▶ **What you are asked to do**
Somewhere below, one line contains "(cases i) auto" and a later line contains "(\<Prod>i<K. t ^". Output those two lines and everything between them exactly, and nothing else.

++++++

(* Fix $n\ge 1$. Let $T=P(x,u_0,\dots,u_n)$ with $P$ a real polynomial, and let $Q$ be the (unique) real polynomial with $T=Q(x,v_0,\dots,v_n)$. Then $P$ does not depend on $x$ if and only if, on the region $u_n\neq0$, $$T=Q(\xi,I_n,I_{n-1},\dots,I_2,0,I_0),$$ i.e. $T$ is obtained from $Q$ by substituting $x\mapsto\xi$ and $v_j\mapsto I_{n-j}$ (with $I_1=0$). In this case, if $T\ne 0$, the deficiency of $T$ relative to $\mathcal P_n$ equals $n$ minus the degree in $\xi$ of $Q(\xi,I_n,\dots,I_2,0,I_0)$, regarded as a polynomial in the algebraically independent quantities $\xi,I_0,I_2,\dots,I_n$.
   Context: Operators are elements of $\mathbb R[x,u_0,\dots,u_n]$ acting on smooth $f$ by $P[f](x)=P(x,f(x),f'(x),\dots,f^{(n)}(x))$. $\mathcal P_s$ denotes real polynomials of degree $\le s$ ($\mathcal P_s=\{0\}$ for $s<0$); deficiency $m$ relative to $\mathcal P_n$ means $T(\mathcal P_n)\subset\mathcal P_{n-m}$ but $T(\mathcal P_n)\not\subset\mathcal P_{n-m-1}$. Define $v_j=\sum_{i=0}^{n-j}(-1)^i\frac{x^i}{i!}u_{i+j}$ for $j=0,\dots,n$; $x,v_0,\dots,v_n$ freely generate $\mathbb R[x,u_0,\dots,u_n]$. On the region $u_n\ne0$ define $\xi=u_{n-1}/u_n$ and $I_{n-j}=\sum_{i=0}^{n-j}(-1)^i u_{i+j}\frac{\xi^i}{i!}$ for $j=0,\dots,n$; thus $I_0=u_n$ and $I_1=0$. *)

theory Defs
  imports "HOL-Analysis.Analysis" "HOL-Computational_Algebra.Polynomial" "HOL-Library.Poly_Mapping"
begin

text \<open>Variable 0 plays the role of x; variable Suc i plays the role of u_i (for P),
resp. v_i (for Q).\<close>

type_synonym mpoly = "(nat \<Rightarrow>\<^sub>0 nat) \<Rightarrow>\<^sub>0 real"

definition mp_eval :: "mpoly \<Rightarrow> (nat \<Rightarrow> real) \<Rightarrow> real" where
  "mp_eval p a = (\<Sum>m\<in>Poly_Mapping.keys p. Poly_Mapping.lookup p m * (\<Prod>i\<in>Poly_Mapping.keys (m::nat \<Rightarrow>\<^sub>0 nat). a i ^ Poly_Mapping.lookup m i))"

definition mp_vars_le :: "nat \<Rightarrow> mpoly \<Rightarrow> bool" where
  "mp_vars_le n p \<longleftrightarrow> (\<forall>m\<in>Poly_Mapping.keys p. Poly_Mapping.keys m \<subseteq> {0..Suc n})"

definition indep_x :: "mpoly \<Rightarrow> bool" where
  "indep_x p \<longleftrightarrow> (\<forall>m\<in>Poly_Mapping.keys p. Poly_Mapping.lookup m 0 = 0)"

definition vfun :: "nat \<Rightarrow> real \<Rightarrow> (nat \<Rightarrow> real) \<Rightarrow> nat \<Rightarrow> real" where
  "vfun n x u j = (\<Sum>i=0..n-j. (-1)^i * x^i / fact i * u (i+j))"

definition xi :: "nat \<Rightarrow> (nat \<Rightarrow> real) \<Rightarrow> real" where
  "xi n u = u (n-1) / u n"

text \<open>I_{n-j} = sum_{i=0}^{n-j} (-1)^i u_{i+j} xi^i/i!, indexed by k = n-j.\<close>
definition Ifun :: "nat \<Rightarrow> (nat \<Rightarrow> real) \<Rightarrow> nat \<Rightarrow> real" where
  "Ifun n u k = (\<Sum>i=0..k. (-1)^i * u (i + (n-k)) * xi n u ^ i / fact i)"

definition apply_op :: "mpoly \<Rightarrow> (real \<Rightarrow> real) \<Rightarrow> real \<Rightarrow> real" where
  "apply_op P f = (\<lambda>x. mp_eval P (case_nat x (\<lambda>i. (deriv ^^ i) f x)))"

text \<open>P_s: real polynomial functions of degree \<le> s; P_s = {0} for s < 0.\<close>
definition polys_upto :: "int \<Rightarrow> (real \<Rightarrow> real) set" where
  "polys_upto s = {poly p | p. p = 0 \<or> int (degree p) \<le> s}"

definition has_deficiency :: "nat \<Rightarrow> mpoly \<Rightarrow> int \<Rightarrow> bool" where
  "has_deficiency n P m \<longleftrightarrow>
     apply_op P ` polys_upto (int n) \<subseteq> polys_upto (int n - m) \<and>
     \<not> apply_op P ` polys_upto (int n) \<subseteq> polys_upto (int n - m - 1)"

text \<open>Degree in xi of Q(xi, I_n, ..., I_2, 0, I_0), regarded as a formal polynomial
in the independent variables xi, I_0, I_2, ..., I_n: the substitution renames
x to xi and v_j to I_{n-j} for j \<noteq> n-1 and sets v_{n-1} (variable index n) to 0,
which deletes exactly the monomials of Q containing v_{n-1}.\<close>
definition xi_degree :: "nat \<Rightarrow> mpoly \<Rightarrow> nat" where
  "xi_degree n Q = Max (insert 0 {Poly_Mapping.lookup m 0 | m. m \<in> Poly_Mapping.keys Q \<and> Poly_Mapping.lookup m n = 0})"

end

(*
  If P does not depend on x, then T = P(xi, u) = Q(xi, v(xi, u)), and v_j(xi, u) = I_{n-j}.
  Conversely, if T = Q(xi, I) on u_n ~= 0, then T(x, u) does not depend on x on the positive
  orthant, and a polynomial which is constant in x there has no monomial containing x, by the
  identity theorem for polynomials.

  For f of degree <= n Taylor's formula gives v_j(x, f(x), f'(x), ...) = f^(j)(0), so T maps P_n
  onto the polynomials Q(X, c) with c in R^(n+1), whose largest degree is the x-degree D of Q;
  the deficiency is n - D. It remains to find a monomial of x-degree D in Q free of v_{n-1}. If P
  does not depend on x, T commutes with translations: Q(X + s, c) = Q(X, c'), where c' is the jet
  at 0 of f(s + .). Choosing s = -c_{n-1}/c_n gives c'_{n-1} = 0 without changing the coefficient
  of X^D. Were v_{n-1} in every monomial of x-degree D, that coefficient would vanish for all c with
  c_n ~= 0, contradicting the identity theorem.
*)

theory Submission
  imports Defs
begin

definition mono_eval :: "(nat \<Rightarrow>\<^sub>0 nat) \<Rightarrow> (nat \<Rightarrow> real) \<Rightarrow> real" where
  "mono_eval m a = (\<Prod>i\<in>Poly_Mapping.keys m. a i ^ Poly_Mapping.lookup m i)"

lemma mp_eval_eq_sum_mono_eval:
  "mp_eval p a = (\<Sum>m\<in>Poly_Mapping.keys p. Poly_Mapping.lookup p m * mono_eval m a)"
  unfolding mp_eval_def mono_eval_def ..

lemma mono_eval_cong:
  "(\<And>i. i \<in> Poly_Mapping.keys m \<Longrightarrow> a i = b i) \<Longrightarrow> mono_eval m a = mono_eval m b"
  unfolding mono_eval_def by (intro prod.cong) auto

lemma mp_eval_cong:
  "(\<And>m i. m \<in> Poly_Mapping.keys p \<Longrightarrow> i \<in> Poly_Mapping.keys m \<Longrightarrow> a i = b i)
   \<Longrightarrow> mp_eval p a = mp_eval p b"
  unfolding mp_eval_eq_sum_mono_eval by (intro sum.cong refl arg_cong2[where f = "(*)"] mono_eval_cong)

lemma mono_eval_fun_upd:
  "mono_eval m (a(k := x)) = x ^ Poly_Mapping.lookup m k * mono_eval m (a(k := 1))"
proof (cases "k \<in> Poly_Mapping.keys m")
  case True
  have "mono_eval m (a(k := y)) =
      y ^ Poly_Mapping.lookup m k * (\<Prod>i\<in>Poly_Mapping.keys m - {k}. a i ^ Poly_Mapping.lookup m i)"
    for y
    unfolding mono_eval_def prod.remove[OF finite_keys True] by (auto intro!: prod.cong)
  then show ?thesis
    by simp
next
  case False
  then show ?thesis
    by (auto simp: in_keys_iff intro!: mono_eval_cong)
qed

lemma mono_eval_eq_0:
  "a k = 0 \<Longrightarrow> Poly_Mapping.lookup m k \<noteq> 0 \<Longrightarrow> mono_eval m a = 0"
  using mono_eval_fun_upd[of m a k 0] by (simp add: fun_upd_idem)

lemma base_expansion_unique:
  fixes g h :: "nat \<Rightarrow> nat"
  assumes "\<forall>i. g i < N" "\<forall>i. h i < N"
    and "(\<Sum>i<K. g i * N ^ i) = (\<Sum>i<K. h i * N ^ i)" "i < K"
  shows "g i = h i"
  using assms
proof (induction K arbitrary: g h i)
  case 0
  then show ?case by simp
next
  case (Suc K)
  have split: "(\<Sum>i<Suc K. f i * N ^ i) = f 0 + N * (\<Sum>i<K. f (Suc i) * N ^ i)" for f
    by (simp only: sum.lessThan_Suc_shift) (simp add: sum_distrib_left mult_ac)
  have "g 0 = (\<Sum>i<Suc K. g i * N ^ i) mod N" "h 0 = (\<Sum>i<Suc K. h i * N ^ i) mod N"
    unfolding split using Suc.prems(1,2) by simp_all
  then have g0: "g 0 = h 0"
    using Suc.prems(3) by simp
  moreover have "N > 0"
    using Suc.prems(1) by (metis gr_zeroI not_less0)
  ultimately have "(\<Sum>i<K. g (Suc i) * N ^ i) = (\<Sum>i<K. h (Suc i) * N ^ i)"
    using Suc.prems(3) unfolding split by simp
  then show ?case
    using Suc.IH[of "g \<circ> Suc" "h \<circ> Suc"] Suc.prems g0 by (cases i) auto
qed

lemma mono_eval_kronecker:
  assumes "Poly_Mapping.keys m \<subseteq> {..<K}"
  shows "mono_eval m (\<lambda>i. t ^ N ^ i) = t ^ (\<Sum>i<K. Poly_Mapping.lookup m i * N ^ i)"
proof -
  have "mono_eval m (\<lambda>i. t ^ N ^ i) =
      (\<Prod>i\<in>Poly_Mapping.keys m. t ^ (Poly_Mapping.lookup m i * N ^ i))"
    unfolding mono_eval_def by (simp add: power_mult[symmetric] mult.commute)
  also have "\<dots> = (\<Prod>i<K. t ^ (Poly_Mapping.lookup m i * N ^ i))"
    using assms by (intro prod.mono_neutral_left) (auto simp: in_keys_iff)
  also have "\<dots> = t ^ (\<Sum>i<K. Poly_Mapping.lookup m i * N ^ i)"
    by (simp add: power_sum)
  finally show ?thesis .
qed

lemma kronecker_encoding_inj:
  fixes K N :: nat
  shows "inj_on (\<lambda>m. \<Sum>i<K. Poly_Mapping.lookup m i * N ^ i)
     {m. Poly_Mapping.keys m \<subseteq> {..<K} \<and> (\<forall>i. Poly_Mapping.lookup m i < N)}"
proof (rule inj_onI, rule poly_mapping_eqI)
  fix m m' i
  assume m: "m \<in> {m. Poly_Mapping.keys m \<subseteq> {..<K} \<and> (\<forall>i. Poly_Mapping.lookup m i < N)}"
    and m': "m' \<in> {m. Poly_Mapping.keys m \<subseteq> {..<K} \<and> (\<forall>i. Poly_Mapping.lookup m i < N)}"
    and eq: "(\<Sum>i<K. Poly_Mapping.lookup m i * N ^ i) = (\<Sum>i<K. Poly_Mapping.lookup m' i * N ^ i)"
  show "Poly_Mapping.lookup m i = Poly_Mapping.lookup m' i"
  proof (cases "i < K")
    case True
    then show ?thesis
      using base_expansion_unique[OF _ _ eq] m m' by blast
  next
    case False
    then have "i \<notin> Poly_Mapping.keys m" "i \<notin> Poly_Mapping.keys m'"
      using m m' by auto
    then show ?thesis
      by (simp add: in_keys_iff)
  qed
qed

lemma exponents_bounded:
  fixes S :: "(nat \<Rightarrow>\<^sub>0 nat) set"
  assumes "finite S"
  obtains K N where "\<And>m. m \<in> S \<Longrightarrow> Poly_Mapping.keys m \<subseteq> {..<K}"
    and "\<And>m i. m \<in> S \<Longrightarrow> Poly_Mapping.lookup m i < N"
proof -
  have "finite (\<Union>m\<in>S. Poly_Mapping.keys m)"
    using assms by simp
  then obtain K where K: "(\<Union>m\<in>S. Poly_Mapping.keys m) \<subseteq> {..<K}"
    unfolding finite_nat_iff_bounded by blast
  have "finite (insert 0 (\<Union>m\<in>S. Poly_Mapping.lookup m ` Poly_Mapping.keys m))"
    using assms by simp
  then obtain N where N: "insert 0 (\<Union>m\<in>S. Poly_Mapping.lookup m ` Poly_Mapping.keys m) \<subseteq> {..<N}"
    unfolding finite_nat_iff_bounded by blast
  have "Poly_Mapping.lookup m i < N" if "m \<in> S" for m i
  proof (cases "i \<in> Poly_Mapping.keys m")
    case False
    then show ?thesis
      using N by (simp add: in_keys_iff)
  qed (use N that in auto)
  with K that show ?thesis
    by blast
qed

++++++

▶ **Result for this exercise**
    using Suc.IH[of "g \<circ> Suc" "h \<circ> Suc"] Suc.prems g0 by (cases i) auto
qed

lemma mono_eval_kronecker:
  assumes "Poly_Mapping.keys m \<subseteq> {..<K}"
  shows "mono_eval m (\<lambda>i. t ^ N ^ i) = t ^ (\<Sum>i<K. Poly_Mapping.lookup m i * N ^ i)"
proof -
  have "mono_eval m (\<lambda>i. t ^ N ^ i) =
      (\<Prod>i\<in>Poly_Mapping.keys m. t ^ (Poly_Mapping.lookup m i * N ^ i))"
    unfolding mono_eval_def by (simp add: power_mult[symmetric] mult.commute)
  also have "\<dots> = (\<Prod>i<K. t ^ (Poly_Mapping.lookup m i * N ^ i))"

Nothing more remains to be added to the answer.